Черт строго и гордо ответил:
— Проэкзаменуйте.
— Так, так, так! Ты, значит, серьезно, — а?
— Проэкзаменуйте.
— Ну, и удивил же ты меня… не знаю, как тебя назвать, ах, удивил. Пойдем же ко мне, я тебя поэкзаменую: тут тебе пока не место. Скажите, пожалуйста, черт, а Евангелие знает!.. Пойдем! Пойдем!
И целый вечер у себя на дому попик экзаменовал Носача и восторженно удивлялся:
— Да ты богослов! Ей-богу, богослов. Ты занимался, что ли, этими вопросами?
— Занимался-таки, — скромно подтвердил черт.
Вообще хотя он держался и скромно, но с большим достоинством, не лебезил, не забегал вперед, и сразу видно было, что это — черт строгий и положительный. Своими огромными познаниями он нисколько не кичился и все больше и больше нравился добродушному старому попику.
— Так чего же ты хочешь? — спросил поп.
Черт с размаху бухнул на колени и завопи:
— Святой отец, разрешите и научите меня творить добрые дела! Стосковался я о добре, святой отец. Жить не могу без добра, а как его творить, еще не ведаю. От сатаны же и от дел его отрекаюсь вовеки: тьфу, тьфу, тьфу!
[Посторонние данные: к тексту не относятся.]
(* Let $f\colon X\to Y$ be a continuous map between path-connected spaces such that $f_*\colon\pi_1(X)\to\pi_1(Y)$ is an isomorphism. Then $\mathsf{TC}^{\mathcal D}(X)\le\mathsf{TC}^{\mathcal D}(Y)$. In particular $\mathsf{TC}^{\mathcal D}$ is a homotopy invariant.
   Context: For a path-connected space $Z$ with $\pi=\pi_1(Z)$, $\mathsf{TC}^{\mathcal D}(Z)$ is the least $k$ such that $Z\times Z=U_0\cup\dots\cup U_k$ with $U_i$ open and such that for every $i$ and every basepoint $u\in U_i$ the homomorphism $\pi_1(U_i,u)\to\pi_1(Z\times Z,u)\cong\pi\times\pi$ induced by inclusion takes values in a subgroup conjugate to the diagonal $\Delta\subset\pi\times\pi$. *)

theory Defs
  imports "HOL-Analysis.Analysis" "HOL-Library.Extended_Nat"
begin

definition loopin :: "'a topology \<Rightarrow> 'a \<Rightarrow> (real \<Rightarrow> 'a) \<Rightarrow> bool" where
  "loopin X a g \<longleftrightarrow> pathin X g \<and> g 0 = a \<and> g 1 = a"

definition path_homotopic :: "'a topology \<Rightarrow> (real \<Rightarrow> 'a) \<Rightarrow> (real \<Rightarrow> 'a) \<Rightarrow> bool" where
  "path_homotopic X p q \<longleftrightarrow>
     homotopic_with (\<lambda>r. r 0 = p 0 \<and> r 1 = p 1) (top_of_set {0..1}) X p q"

text \<open>The induced map \<open>f_* : \<pi>\<^sub>1(X,x0) \<rightarrow> \<pi>\<^sub>1(Y,f x0)\<close>, \<open>[g] \<mapsto> [f \<circ> g]\<close>, is a bijection
  (hence an isomorphism of groups, being a homomorphism).\<close>
definition pi1_iso_induced :: "'a topology \<Rightarrow> 'b topology \<Rightarrow> ('a \<Rightarrow> 'b) \<Rightarrow> 'a \<Rightarrow> bool" where
  "pi1_iso_induced X Y f x0 \<longleftrightarrow>
     (\<forall>p q. loopin X x0 p \<and> loopin X x0 q \<and> path_homotopic Y (f \<circ> p) (f \<circ> q)
            \<longrightarrow> path_homotopic X p q) \<and>
     (\<forall>g. loopin Y (f x0) g \<longrightarrow> (\<exists>p. loopin X x0 p \<and> path_homotopic Y (f \<circ> p) g))"

text \<open>Reversal and concatenation of paths in an arbitrary (abstract) space; same formulas as
  the library's \<open>reversepath\<close> and \<open>+++\<close>, which are restricted to type-class topologies.\<close>
definition rev_path :: "(real \<Rightarrow> 'a) \<Rightarrow> real \<Rightarrow> 'a" where
  "rev_path g = (\<lambda>x. g (1 - x))"

definition join_path :: "(real \<Rightarrow> 'a) \<Rightarrow> (real \<Rightarrow> 'a) \<Rightarrow> real \<Rightarrow> 'a" where
  "join_path g1 g2 = (\<lambda>x. if x \<le> 1/2 then g1 (2 * x) else g2 (2 * x - 1))"

text \<open>An open set \<open>U \<subseteq> Z \<times> Z\<close> is \<open>\<D>\<close>-good if for every \<open>u = (a,b) \<in> U\<close> the image of
  \<open>\<pi>\<^sub>1(U,u) \<rightarrow> \<pi>\<^sub>1(Z \<times> Z,u) \<cong> \<pi>\<^sub>1(Z,a) \<times> \<pi>\<^sub>1(Z,b)\<close> lies in a conjugate of the diagonal.
  The conjugates of the diagonal are exactly the subgroups
  \<open>{([\<alpha>],[p\<^sup>-\<^sup>1 \<alpha> p]) | \<alpha> loop at a}\<close> for \<open>p\<close> a path from \<open>a\<close> to \<open>b\<close>.\<close>
definition diag_good :: "'a topology \<Rightarrow> ('a \<times> 'a) set \<Rightarrow> bool" where
  "diag_good Z U \<longleftrightarrow>
     (\<forall>u\<in>U. \<exists>p. pathin Z p \<and> p 0 = fst u \<and> p 1 = snd u \<and>
        (\<forall>\<gamma>. loopin (subtopology (prod_topology Z Z) U) u \<gamma> \<longrightarrow>
              path_homotopic Z (snd \<circ> \<gamma>) (join_path (rev_path p) (join_path (fst \<circ> \<gamma>) p))))"

text \<open>\<open>TC\<^sup>\<D>(Z)\<close>: least \<open>k\<close> such that \<open>Z \<times> Z\<close> is covered by \<open>k+1\<close> open \<open>\<D>\<close>-good sets;
  \<open>\<infinity>\<close> if no such \<open>k\<close> exists.\<close>
definition TCD :: "'a topology \<Rightarrow> enat" where
  "TCD Z = (INF k \<in> {k::nat. \<exists>U :: nat \<Rightarrow> ('a \<times> 'a) set.
       (\<forall>i\<le>k. openin (prod_topology Z Z) (U i) \<and> diag_good Z (U i)) \<and>
       (\<Union>i\<le>k. U i) = topspace (prod_topology Z Z)}. enat k)"

end

(*
  Pulling back an open cover of Y \<times> Y along f \<times> f gives an open cover of X \<times> X, so it suffices
  that preimages of D-good sets are D-good. As X is path connected, f\<^sub>* is bijective at every
  basepoint (conjugate by a path from x0), and every path q in Y from f a to f b is homotopic to
  f \<circ> p for some path p in X from a to b. For a loop \<gamma> in the preimage of a D-good set V,
  f \<circ> \<gamma> is a loop in V, so f \<circ> \<gamma>\<^sub>2 \<simeq> q\<^sup>-\<^sup>1 (f \<circ> \<gamma>\<^sub>1) q \<simeq> f \<circ> (p\<^sup>-\<^sup>1 \<gamma>\<^sub>1 p),
  and injectivity of f\<^sub>* at b gives \<gamma>\<^sub>2 \<simeq> p\<^sup>-\<^sup>1 \<gamma>\<^sub>1 p.

  A homotopy equivalence induces bijections of fundamental groups because a homotopy
  H : g \<circ> f \<simeq> id gives \<alpha> \<simeq> c\<^sup>-\<^sup>1 (g \<circ> f \<circ> \<alpha>) c, where c is the track of the
  basepoint under H.
*)

theory Submission
  imports Defs
begin

lemma path_homotopic_imp_pathin:
  assumes "path_homotopic X p q"
  shows "pathin X p \<and> pathin X q \<and> q 0 = p 0 \<and> q 1 = p 1"
  using homotopic_with_imp_continuous_maps[OF assms[unfolded path_homotopic_def]]
        homotopic_with_imp_property[OF assms[unfolded path_homotopic_def]]
  by (simp add: pathin_def)

lemma path_homotopic_refl: "pathin X p \<Longrightarrow> path_homotopic X p p"
  by (simp add: path_homotopic_def pathin_def)

lemma path_homotopic_sym:
  assumes "path_homotopic X p q"
  shows "path_homotopic X q p"
proof -
  have "q 0 = p 0" "q 1 = p 1"
    using path_homotopic_imp_pathin[OF assms] by auto
  with homotopic_with_symD[OF assms[unfolded path_homotopic_def]] show ?thesis
    by (simp add: path_homotopic_def)
qed

lemma path_homotopic_trans [trans]:
  assumes "path_homotopic X p q" "path_homotopic X q r"
  shows "path_homotopic X p r"
proof -
  have ends: "q 0 = p 0" "q 1 = p 1"
    using path_homotopic_imp_pathin[OF assms(1)] by auto
  show ?thesis
    using assms unfolding path_homotopic_def ends by (rule homotopic_with_trans)
qed

lemma path_homotopic_cong:
  assumes "path_homotopic X p q"
    and "\<And>t. t \<in> {0..1} \<Longrightarrow> p' t = p t" "\<And>t. t \<in> {0..1} \<Longrightarrow> q' t = q t"
  shows "path_homotopic X p' q'"
proof -
  have "homotopic_with (\<lambda>r. r 0 = p 0 \<and> r 1 = p 1) (top_of_set {0..1}) X p' q'"
    by (rule homotopic_with_eq[OF assms(1)[unfolded path_homotopic_def]]) (simp_all add: assms(2,3))
  moreover have "p' 0 = p 0" "p' 1 = p 1" using assms(2) by auto
  ultimately show ?thesis by (simp add: path_homotopic_def)
qed

lemma path_homotopic_compose:
  assumes "continuous_map X Y f" "path_homotopic X p q"
  shows "path_homotopic Y (f \<circ> p) (f \<circ> q)"
  unfolding path_homotopic_def
  by (rule homotopic_with_compose_continuous_map_left[OF assms(2)[unfolded path_homotopic_def] assms(1)])
     auto

lemma join_path_0 [simp]: "join_path p q 0 = p 0"
  by (simp add: join_path_def)

lemma join_path_1 [simp]: "join_path p q 1 = q 1"
  by (simp add: join_path_def)

lemma rev_path_0 [simp]: "rev_path p 0 = p 1"
  by (simp add: rev_path_def)

lemma rev_path_1 [simp]: "rev_path p 1 = p 0"
  by (simp add: rev_path_def)

lemma rev_path_rev_path [simp]: "rev_path (rev_path p) = p"
  by (simp add: rev_path_def)

lemma comp_join_path [simp]: "f \<circ> join_path p q = join_path (f \<circ> p) (f \<circ> q)"
  by (auto simp: join_path_def fun_eq_iff)

lemma comp_rev_path [simp]: "f \<circ> rev_path p = rev_path (f \<circ> p)"
  by (auto simp: rev_path_def fun_eq_iff)

lemma pathin_rev_path [simp]: "pathin X p \<Longrightarrow> pathin X (rev_path p)"
  unfolding pathin_def rev_path_def
  by (rule continuous_map_compose[where f="\<lambda>t. 1 - t" and g=p, unfolded o_def])
     (auto simp: continuous_map_in_subtopology intro!: continuous_intros)

lemma pathin_join_path [simp]:
  assumes "pathin X p" "pathin X q" "p 1 = q 0"
  shows "pathin X (join_path p q)"
proof -
  let ?I = "top_of_set {0..1::real}"
  let ?j = "\<lambda>x. if x \<le> 1/2 then (p \<circ> (\<lambda>t. 2 * t)) x else (q \<circ> (\<lambda>t. 2 * t - 1)) x"
  have "continuous_map ?I X ?j"
  proof (intro continuous_map_cases_le continuous_map_compose, force, force)
    show "continuous_map (subtopology ?I {x \<in> topspace ?I. x \<le> 1/2}) ?I ((*) 2)"
      by (auto simp: continuous_map_in_subtopology continuous_map_from_subtopology)
    have "continuous_map (subtopology ?I {x. 0 \<le> x \<and> x \<le> 1 \<and> 1 \<le> x * 2}) euclideanreal
            (\<lambda>t. 2 * t - 1)"
      by (intro continuous_intros) (force intro: continuous_map_from_subtopology)
    then show "continuous_map (subtopology ?I {x \<in> topspace ?I. 1/2 \<le> x}) ?I (\<lambda>t. 2 * t - 1)"
      by (force simp: continuous_map_in_subtopology)
  qed (use assms in \<open>auto simp: pathin_def algebra_simps\<close>)
  moreover have "?j = join_path p q"
    by (auto simp: fun_eq_iff join_path_def)
  ultimately show ?thesis
    by (simp add: pathin_def)
qed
Когда волнение поулеглось, попик благодушно похлопал черта по плечу, для чего ему пришлось приподняться на цыпочки: Носач чуть не вдвое был выше ростом. От прикосновения черт устранился, — он не любил фамильярного обращения, — и с угрюмостью, составлявшей главную черту его характера, настойчиво спросил:
— Так как же, святой отец, научите?
— Добру-то? Можно. Это можно? Но только знаешь ли ты творения святых отцов? В библии ты силен, но этого, дружок, пожалуй, маловато. Да, маловато! Иди-ка погуляй, а я тебе вечерком составлю списочек: что читать.
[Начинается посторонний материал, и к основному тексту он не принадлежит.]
lemma inj_on_if_pairwise_gaps:
  fixes t C Z P :: "'a \<Rightarrow> real"
  assumes pos: "\<And>I. I \<in> S \<Longrightarrow> 0 < \<kappa> * P I"
    and gap: "\<And>I J. I \<in> S \<Longrightarrow> J \<in> S \<Longrightarrow> I \<noteq> J \<Longrightarrow> \<kappa> * P J \<le> Z I - Z J + t I * (C I - C J)"
  shows "inj_on t S"
proof (rule inj_onI, rule ccontr)
  fix I J assume "I \<in> S" "J \<in> S" "t I = t J" "I \<noteq> J"
  then have "\<kappa> * P J \<le> Z I - Z J + t I * (C I - C J)" "\<kappa> * P I \<le> Z J - Z I + t J * (C J - C I)"
    using gap by blast+
  moreover have "t I * (C I - C J) + t J * (C J - C I) = 0"
    using \<open>t I = t J\<close> by (simp add: algebra_simps)
  ultimately show False
    using pos[OF \<open>I \<in> S\<close>] pos[OF \<open>J \<in> S\<close>] by linarith
qed

lemma card_le_if_pairwise_gaps:
  fixes S :: "'a set" and t C Z P :: "'a \<Rightarrow> real" and k :: nat
  assumes "finite S" and "0 < r" and "r \<le> R" and "0 < \<kappa>" and "0 < \<zeta>"
    and range: "\<And>I. I \<in> S \<Longrightarrow> 0 \<le> t I \<and> t I \<le> 2 ^ k \<and> r \<le> P I \<and> P I \<le> R
      \<and> \<bar>C I\<bar> \<le> P I \<and> \<bar>Z I\<bar> \<le> \<zeta> * P I"
    and gap: "\<And>I J. I \<in> S \<Longrightarrow> J \<in> S \<Longrightarrow> I \<noteq> J \<Longrightarrow> \<kappa> * P J \<le> Z I - Z J + t I * (C I - C J)"
  shows "real (card S) \<le> real k + 2 + sqrt (4 * (1 + \<zeta>) * ln ((R + r) / r) * (real k + 1) / \<kappa>)"
proof (cases "S = {}")
  case True
  then show ?thesis
    using assms(2-5) by simp
next
  case False
  then have "0 < card S"
    using \<open>finite S\<close> by (simp add: card_gt_0_iff)
  have "inj_on t S"
    using range \<open>0 < r\<close> \<open>0 < \<kappa>\<close> by (intro inj_on_if_pairwise_gaps[OF _ gap]) force
  then obtain e where e_in: "\<And>i. i < card S \<Longrightarrow> e i \<in> S"
    and e_less: "\<And>i. Suc i < card S \<Longrightarrow> t (e i) < t (e (Suc i))"
    using sorted_enumeration_exists[OF \<open>finite S\<close>] by blast
  interpret chain: gap_chain "card S - 1" k "t \<circ> e" "C \<circ> e" "Z \<circ> e" "P \<circ> e" r R \<kappa> \<zeta>
  proof
    fix i
    assume "i \<le> card S - 1"
    with range[OF e_in[of i]] \<open>0 < card S\<close> show "0 \<le> (t \<circ> e) i \<and> (t \<circ> e) i \<le> 2 ^ k"
      "r \<le> (P \<circ> e) i \<and> (P \<circ> e) i \<le> R" "\<bar>(C \<circ> e) i\<bar> \<le> (P \<circ> e) i"
      "\<bar>(Z \<circ> e) i\<bar> \<le> \<zeta> * (P \<circ> e) i"
      by auto
  next
    fix i
    assume "i < card S - 1"
    then have i: "i < card S" "Suc i < card S"
      by auto
    then have "e i \<noteq> e (Suc i)"
      using e_less[of i] by auto
    then show "(t \<circ> e) i < (t \<circ> e) (Suc i)"
      "\<kappa> * (P \<circ> e) (Suc i) \<le> (Z \<circ> e) i - (Z \<circ> e) (Suc i) + (t \<circ> e) i * ((C \<circ> e) i - (C \<circ> e) (Suc i))"
      "\<kappa> * (P \<circ> e) i \<le> (Z \<circ> e) (Suc i) - (Z \<circ> e) i + (t \<circ> e) (Suc i) * ((C \<circ> e) (Suc i) - (C \<circ> e) i)"
      using e_less[OF i(2)] gap[OF e_in[OF i(1)] e_in[OF i(2)]] gap[OF e_in[OF i(2)] e_in[OF i(1)]] by auto
  qed (use assms in auto)
  show ?thesis
    using chain.chain_length_le by linarith
qed

lemma closed_segment_scaleR_add_param:
  fixes z c w :: "'a::real_vector"
  assumes "w \<in> closed_segment z (s *\<^sub>R c + z)" and "0 \<le> s"
  obtains \<tau> where "0 \<le> \<tau>" "\<tau> \<le> s" "w = z + \<tau> *\<^sub>R c"
proof -
  obtain u where "0 \<le> u" "u \<le> 1" "w = (1 - u) *\<^sub>R z + u *\<^sub>R (s *\<^sub>R c + z)"
    using assms(1) by (auto simp: in_segment)
  moreover have "u * s \<le> s"
    using \<open>0 \<le> u\<close> \<open>u \<le> 1\<close> \<open>0 \<le> s\<close> by (simp add: mult_left_le_one_le)
  ultimately show ?thesis
    using \<open>0 \<le> s\<close> by (intro that[of "u * s"]) (simp_all add: algebra_simps)
qed

lemma card_Gset_Mset_annulus_le:
  fixes A :: "real^'d^'n" and b :: "real^'n" and z c :: "real^'d" and k :: nat
  assumes "z \<noteq> 0" and "norm c = 1" and "0 < g" and "0 < m" and "0 < r" and "r \<le> R"
  shows "real (card {I \<in> Gset A b g \<inter> Mset A z (2 ^ k *\<^sub>R c + z) m.
      norm (proj2 c z (xI A b I)) \<in> {r..R}})
    \<le> real k + 2 + sqrt (4 * (1 + norm z) * ln ((R + r) / r) * (real k + 1) / (g * m))"
proof -
  define S where "S = {I \<in> Gset A b g \<inter> Mset A z (2 ^ k *\<^sub>R c + z) m. norm (proj2 c z (xI A b I)) \<in> {r..R}}"
  have "\<exists>\<tau>. 0 \<le> \<tau> \<and> \<tau> \<le> 2 ^ k \<and> dual_ge A I (z + \<tau> *\<^sub>R c) m" if I: "I \<in> S" for I
  proof -
    obtain w where "w \<in> closed_segment z (2 ^ k *\<^sub>R c + z)" "dual_ge A I w m"
      using I by (auto simp: S_def Mset_def)
    then show ?thesis
      by (elim closed_segment_scaleR_add_param) auto
  qed
  then obtain \<tau> where \<tau>: "\<And>I. I \<in> S \<Longrightarrow> 0 \<le> \<tau> I \<and> \<tau> I \<le> 2 ^ k \<and> dual_ge A I (z + \<tau> I *\<^sub>R c) m"
    by metis
  have "real (card S) \<le> real k + 2 + sqrt (4 * (1 + norm z) * ln ((R + r) / r) * (real k + 1) / (g * m))"
  proof (rule card_le_if_pairwise_gaps[where t = \<tau> and C = "\<lambda>I. c \<bullet> xI A b I"
        and Z = "\<lambda>I. z \<bullet> xI A b I" and P = "\<lambda>I. norm (proj2 c z (xI A b I))"])
    fix I assume "I \<in> S"
    then show "0 \<le> \<tau> I \<and> \<tau> I \<le> 2 ^ k \<and> r \<le> norm (proj2 c z (xI A b I)) \<and> norm (proj2 c z (xI A b I)) \<le> R
      \<and> \<bar>c \<bullet> xI A b I\<bar> \<le> norm (proj2 c z (xI A b I))
      \<and> \<bar>z \<bullet> xI A b I\<bar> \<le> norm z * norm (proj2 c z (xI A b I))"
      using \<tau> abs_inner_le_norm_proj2[of c c z] abs_inner_le_norm_proj2[of z c z] \<open>norm c = 1\<close>
      by (auto simp: S_def span_base)
  next
    fix I J assume "I \<in> S" "J \<in> S" "I \<noteq> J"
    then have "m * g * norm (xI A b J) \<le> (z + \<tau> I *\<^sub>R c) \<bullet> (xI A b I - xI A b J)"
      using \<tau> assms(3,4) by (intro dual_gap_le_inner_diff) (auto simp: S_def Mset_def)
    moreover have "g * m * norm (proj2 c z (xI A b J)) \<le> g * m * norm (xI A b J)"
      using assms(3,4) norm_proj2_le by simp
    ultimately show "g * m * norm (proj2 c z (xI A b J))
        \<le> z \<bullet> xI A b I - z \<bullet> xI A b J + \<tau> I * (c \<bullet> xI A b I - c \<bullet> xI A b J)"
      by (simp add: inner_add_left inner_diff_right algebra_simps)
  qed (use assms in \<open>auto simp: S_def\<close>)
  then show ?thesis
    by (simp add: S_def)
qed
Черт уже выходил, когда попик, с любопытством глядевший на его широкую спину, остановил его вопросом:
— Послушай, милейший: ты всегда это носишь?..
— Одежду?
— Нет, все это, — попик неопределенно очертил рукою фигуру дьявола, — вот у тебя нос этакой грушей… у тебя всегда так? И лицо у тебя очень постное, как будто ты мало кушаешь, и одежда у тебя черная… Мне это нравится, но всегда у тебя так, или же ты имеешь и другой вид? Если имеешь, то покажи, пожалуйста: я хоть и стар, а чертей еще никогда не видал.
Дьявол мрачно солгал:
— Другого вида не имею.
— Нет? Ну, что ж поделаешь: нет, так и нет. Иди же погуляй, а я поработаю. Хоть я давеча и сказал тебе комплименты, что ты богослов, но ты еще мало… попик значительно поднял палец, — очень еще мало знаешь. Да!
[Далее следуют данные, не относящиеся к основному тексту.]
(* In the setting of the context, assume the matrix representing $A$ with respect to the fixed feasible basis has constant row sum $\theta_r$ (i.e. $c_i+a_i+b_i=\theta_r$ for $0\le i\le d$), where $\theta_r$ is an eigenvalue of $A$. Let $s\in\{0,\dots,d\}$ with $s\ne r$. The following are equivalent: (i) in $\Delta$, vertex $r$ is adjacent to vertex $s$ and to no other vertex; (ii) $a^*_r\ne\theta^*_0$ and $$u_i(\theta_s)=\frac{\theta^*_i-a^*_r}{\theta^*_0-a^*_r}\qquad(0\le i\le d).$$
   Context: Let $\mathbb F$ be a field, $d\ge1$, $V$ an $\mathbb F$-vector space of dimension $d+1$, $\mathcal A=\mathrm{End}(V)$ with identity $I$. Let $E^*_0,\dots,E^*_d\in\mathcal A$ satisfy $E^*_iE^*_j=\delta_{i,j}E^*_i$, $\mathrm{rank}(E^*_i)=1$. Let $A\in\mathcal A$ satisfy $E^*_iAE^*_j=0$ if $|i-j|>1$ and $\neq0$ if $|i-j|=1$. Assume $A$ has $d+1$ distinct eigenvalues $\theta_0,\dots,\theta_d\in\mathbb F$ with primitive idempotents $E_i=\prod_{j\ne i}\frac{A-\theta_jI}{\theta_i-\theta_j}$. Let $\theta^*_i\in\mathbb F$, $A^*=\sum_i\theta^*_iE^*_i$, $a^*_i=\mathrm{tr}(E_iA^* )$. Let $\Delta$ be the graph on $\{0,\dots,d\}$ with $i\sim j$ iff $i\ne j$ and $E_iA^*E_j\ne0$. A basis $v_0,\dots,v_d$ of $V$ is feasible if $v_i\in E^*_iV$ for all $i$; fix one. Then $Av_i=b_{i-1}v_{i-1}+a_iv_i+c_{i+1}v_{i+1}$ ($v_{-1}=v_{d+1}=0$), with $a_i=\mathrm{tr}(E^*_iA)$, nonzero $b_0,\dots,b_{d-1}$, $c_1,\dots,c_d$, and $b_d=c_0=0$. Define $u_0,\dots,u_{d+1}\in\mathbb F[\lambda]$ by $u_{-1}=0$, $u_0=1$, $\lambda u_i=c_iu_{i-1}+a_iu_i+b_iu_{i+1}$ $(0\le i\le d-1)$, $\lambda u_d=c_du_{d-1}+a_du_d+u_{d+1}/(b_0\cdots b_{d-1})$. *)

theory Defs
  imports "Jordan_Normal_Form.DL_Rank" "Jordan_Normal_Form.Char_Poly"
    "HOL-Computational_Algebra.Polynomial"
begin

definition mat_trace :: "'a::comm_ring_1 mat \<Rightarrow> 'a" where
  "mat_trace M = (\<Sum>i<dim_row M. M $$ (i, i))"

definition prim_idem :: "nat \<Rightarrow> (nat \<Rightarrow> 'a::field) \<Rightarrow> 'a mat \<Rightarrow> nat \<Rightarrow> 'a mat" where
  "prim_idem n \<theta> A i =
     foldr (\<lambda>j M. ((1 / (\<theta> i - \<theta> j)) \<cdot>\<^sub>m (A - \<theta> j \<cdot>\<^sub>m 1\<^sub>m n)) * M)
           (filter (\<lambda>j. j \<noteq> i) [0..<n]) (1\<^sub>m n)"

definition dual_mat :: "nat \<Rightarrow> (nat \<Rightarrow> 'a::field) \<Rightarrow> (nat \<Rightarrow> 'a mat) \<Rightarrow> 'a mat" where
  "dual_mat n \<theta>s Es = foldr (\<lambda>i M. \<theta>s i \<cdot>\<^sub>m Es i + M) [0..<n] (0\<^sub>m n n)"

definition astar :: "nat \<Rightarrow> (nat \<Rightarrow> 'a::field) \<Rightarrow> 'a mat \<Rightarrow> (nat \<Rightarrow> 'a) \<Rightarrow> (nat \<Rightarrow> 'a mat) \<Rightarrow> nat \<Rightarrow> 'a" where
  "astar n \<theta> A \<theta>s Es i = mat_trace (prim_idem n \<theta> A i * dual_mat n \<theta>s Es)"

definition delta_adj :: "nat \<Rightarrow> (nat \<Rightarrow> 'a::field) \<Rightarrow> 'a mat \<Rightarrow> (nat \<Rightarrow> 'a) \<Rightarrow> (nat \<Rightarrow> 'a mat) \<Rightarrow> nat \<Rightarrow> nat \<Rightarrow> bool" where
  "delta_adj n \<theta> A \<theta>s Es i j \<longleftrightarrow>
     i \<noteq> j \<and> prim_idem n \<theta> A i * dual_mat n \<theta>s Es * prim_idem n \<theta> A j \<noteq> 0\<^sub>m n n"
— А про добро узнаю? Мне главное про добро узнать.
Попик успокоительно сказал:
— Про все узнаешь. Столько книг прочесть, да не узнать: какой ты, брат, мнительный!
Два года сидел черт над книгами и мучительно доискивался: что есть добро и как его делать так, чтобы не вышло зла. С древнееврейским языком черт и раньше был хорошо знаком, а теперь изучил еще и греческий: все читал в подлиннике, сверял, отыскивал ошибки, доселе ускользавшие от общего внимания, не без остроумия и даже убедительности создавал новые богословские схемы, впадая в несомненную ересь. Совсем измучился и даже похудел, но ответа на свой вопрос так-таки найти не мог и впал под конец в отчаяние. Два года терпел, ничего, а тут так вдруг загорелось и так страшно стало, что пошел к попу среди ночи и разбудил его: помогите!
— Ну, говори, несчастный, что такое у тебя случилось?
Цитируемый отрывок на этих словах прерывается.